Allemand shook his head, scratched furiously at his arm, then replied, “I don’t recall saying that.”
“Not good enough,” Jack replied. He shoved the newspaper toward Allemand. “Time for you to go.”
“Pardon me?”
“We’ve been straight with you. If you’re not going to reciprocate, we’ve got no use for you. In fact, from what I can tell, you’re more of a liability than an asset.” Jack intended this last comment to sting, and the change in Allemand’s eyes told him it’d worked. “We’ll be better off without you.”
Allemand said nothing for several seconds. “It’s difficult, you must realize. I don’t have a home, Madeline is the only person from my former life that knows I’m alive, and a good portion of my fellow Frenchmen think I died either a deserter or a traitor and therefore got what I deserved. Jürgen Rostock is a powerful man. I’ve been walking on a razor’s edge since Abidjan. I feel like I’m sometimes in a dream, other times not. And now, to find out my Madeline confided in a… reporter. Is it hard to see why trust is hard for me?”
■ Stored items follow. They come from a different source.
(* Let $U$ and $V$ be nonlocal vertex algebras and let $R(x)$ be an invertible twisting operator for the ordered pair $(U,V)$. Then $R^{-1}(-x)$ (regarded as a linear map $U\otimes V\to V\otimes U\otimes\mathbb{C}((x))$) is an invertible twisting operator for the ordered pair $(V,U)$.
   Context: All vector spaces are over $\mathbb{C}$. A nonlocal vertex algebra is a vector space $V$ with a linear map $Y(\cdot,x):V\to \mathrm{Hom}(V,V((x)))$, $v\mapsto Y(v,x)=\sum_{n\in\mathbb Z}v_nx^{-n-1}$, and a vector $\mathbf 1\in V$ such that for all $v\in V$: $Y(\mathbf 1,x)v=v$, $Y(v,x)\mathbf 1\in V[[x]]$, $\lim_{x\to0}Y(v,x)\mathbf 1=v$; and for all $u,v,w\in V$ there is $k\ge0$ with $(x_0+x_2)^kY(u,x_0+x_2)Y(v,x_2)w=(x_0+x_2)^kY(Y(u,x_0)v,x_2)w$. Write $Y(x):V\otimes V\to V((x))$, $Y(x)(u\otimes v)=Y(u,x)v$. Conventions: $f(x_1\pm x_2)$ for $f\in\mathbb C((x))$ (and binomials $(x_1\pm x_2)^n$) are expanded in nonnegative powers of the second variable. For a linear map $T$ on a tensor product, $T^{ij}$ denotes $T$ acting on the $i$-th and $j$-th tensor factors (identity elsewhere); all maps are extended linearly over scalar formal series. Twisting operator: for nonlocal vertex algebras $U,V$, a twisting operator for $(U,V)$ is a linear map $R(x):V\otimes U\to U\otimes V\otimes\mathbb C((x))$ such that $R(x)(v\otimes\mathbf 1)=\mathbf 1\otimes v$ for $v\in V$, $R(x)(\mathbf 1\otimes u)=u\otimes\mathbf 1$ for $u\in U$, $R(x_1)(1\otimes Y(x_2))=(Y(x_2)\otimes1)R^{23}(x_1)R^{12}(x_1+x_2)$ on $V\otimes U\otimes U$, and $R(x_1)(Y(x_2)\otimes 1)=(1\otimes Y(x_2))R^{12}(x_1-x_2)R^{23}(x_1)$ on $V\otimes V\otimes U$. $R(x)$ is invertible if its $\mathbb C((x))$-linear extension $V\otimes U\otimes\mathbb C((x))\to U\otimes V\otimes\mathbb C((x))$ is invertible; the inverse, a $\mathbb C((x))$-linear map, is regarded as a linear map $R^{-1}(x):U\otimes V\to V\otimes U\otimes\mathbb C((x))$. *)

theory Defs
  imports Complex_Main "HOL-Library.Function_Algebras"
begin

class cvs = ab_group_add +
  fixes cscale :: "complex \<Rightarrow> 'a \<Rightarrow> 'a"  (infixr \<open>*c\<close> 75)
  assumes cscale_add_right: "a *c (x + y) = a *c x + a *c y"
    and cscale_add_left: "(a + b) *c x = a *c x + b *c x"
    and cscale_cscale: "a *c (b *c x) = (a * b) *c x"
    and cscale_one: "1 *c x = x"

interpretation cvs: vector_space "cscale :: complex \<Rightarrow> 'a::cvs \<Rightarrow> 'a"
  by unfold_locales (simp_all add: cscale_add_right cscale_add_left cscale_cscale cscale_one)

lemma cscale_zero_left [simp]: "(0::complex) *c (x::'a::cvs) = 0"
  using cscale_add_left[of 0 0 x] by simp

lemma cscale_minus_one: "(-1::complex) *c (x::'a::cvs) = - x"
  using cscale_add_left[of 1 "-1" x] by (simp add: cscale_one eq_neg_iff_add_eq_0)

abbreviation clinear :: "('a::cvs \<Rightarrow> 'b::cvs) \<Rightarrow> bool" where
  "clinear f \<equiv> Vector_Spaces.linear cscale cscale f"

instantiation "fun" :: (type, cvs) cvs
begin
definition cscale_fun :: "complex \<Rightarrow> ('a \<Rightarrow> 'b) \<Rightarrow> 'a \<Rightarrow> 'b" where
  "cscale_fun c f = (\<lambda>x. c *c f x)"
instance by standard (simp_all add: cscale_fun_def fun_eq_iff cscale_add_right
      cscale_add_left cscale_cscale cscale_one plus_fun_def)
end

text \<open>Elements of V \<otimes> U are finite formal sums of pairs, two sums being identified iff
  they agree under every C-bilinear form (bilinear forms separate points of V \<otimes> U).\<close>

definition cbil :: "('a::cvs \<Rightarrow> 'b::cvs \<Rightarrow> complex) \<Rightarrow> bool" where
  "cbil \<phi> \<longleftrightarrow> (\<forall>a a' b. \<phi> (a + a') b = \<phi> a b + \<phi> a' b) \<and> (\<forall>c a b. \<phi> (c *c a) b = c * \<phi> a b)
     \<and> (\<forall>a b b'. \<phi> a (b + b') = \<phi> a b + \<phi> a b') \<and> (\<forall>c a b. \<phi> a (c *c b) = c * \<phi> a b)"

definition tsum :: "('a \<Rightarrow> 'b \<Rightarrow> 'c::comm_monoid_add) \<Rightarrow> ('a \<times> 'b) list \<Rightarrow> 'c" where
  "tsum \<phi> xs = sum_list (map (\<lambda>(a, b). \<phi> a b) xs)"

definition teq :: "('a::cvs \<times> 'b::cvs) list \<Rightarrow> ('a \<times> 'b) list \<Rightarrow> bool" where
  "teq xs ys \<longleftrightarrow> (\<forall>\<phi>. cbil \<phi> \<longrightarrow> tsum \<phi> xs = tsum \<phi> ys)"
“I get it, I do,” Jack replied. “But here’s what I know, René: Whatever your connection is to Rostock, it’s a miracle you’re still alive. I don’t think you’ll last out here on your own much longer. You’ve got to trust somebody sometime. Whether that’s us, only you can decide.”
Allemand, who’d been staring at his hands, clasping and unclasping them while Jack was talking, now looked up. He held Jack’s gaze for a long five seconds; Allemand’s eyes were twitching slightly. He said, “What do you want to know?”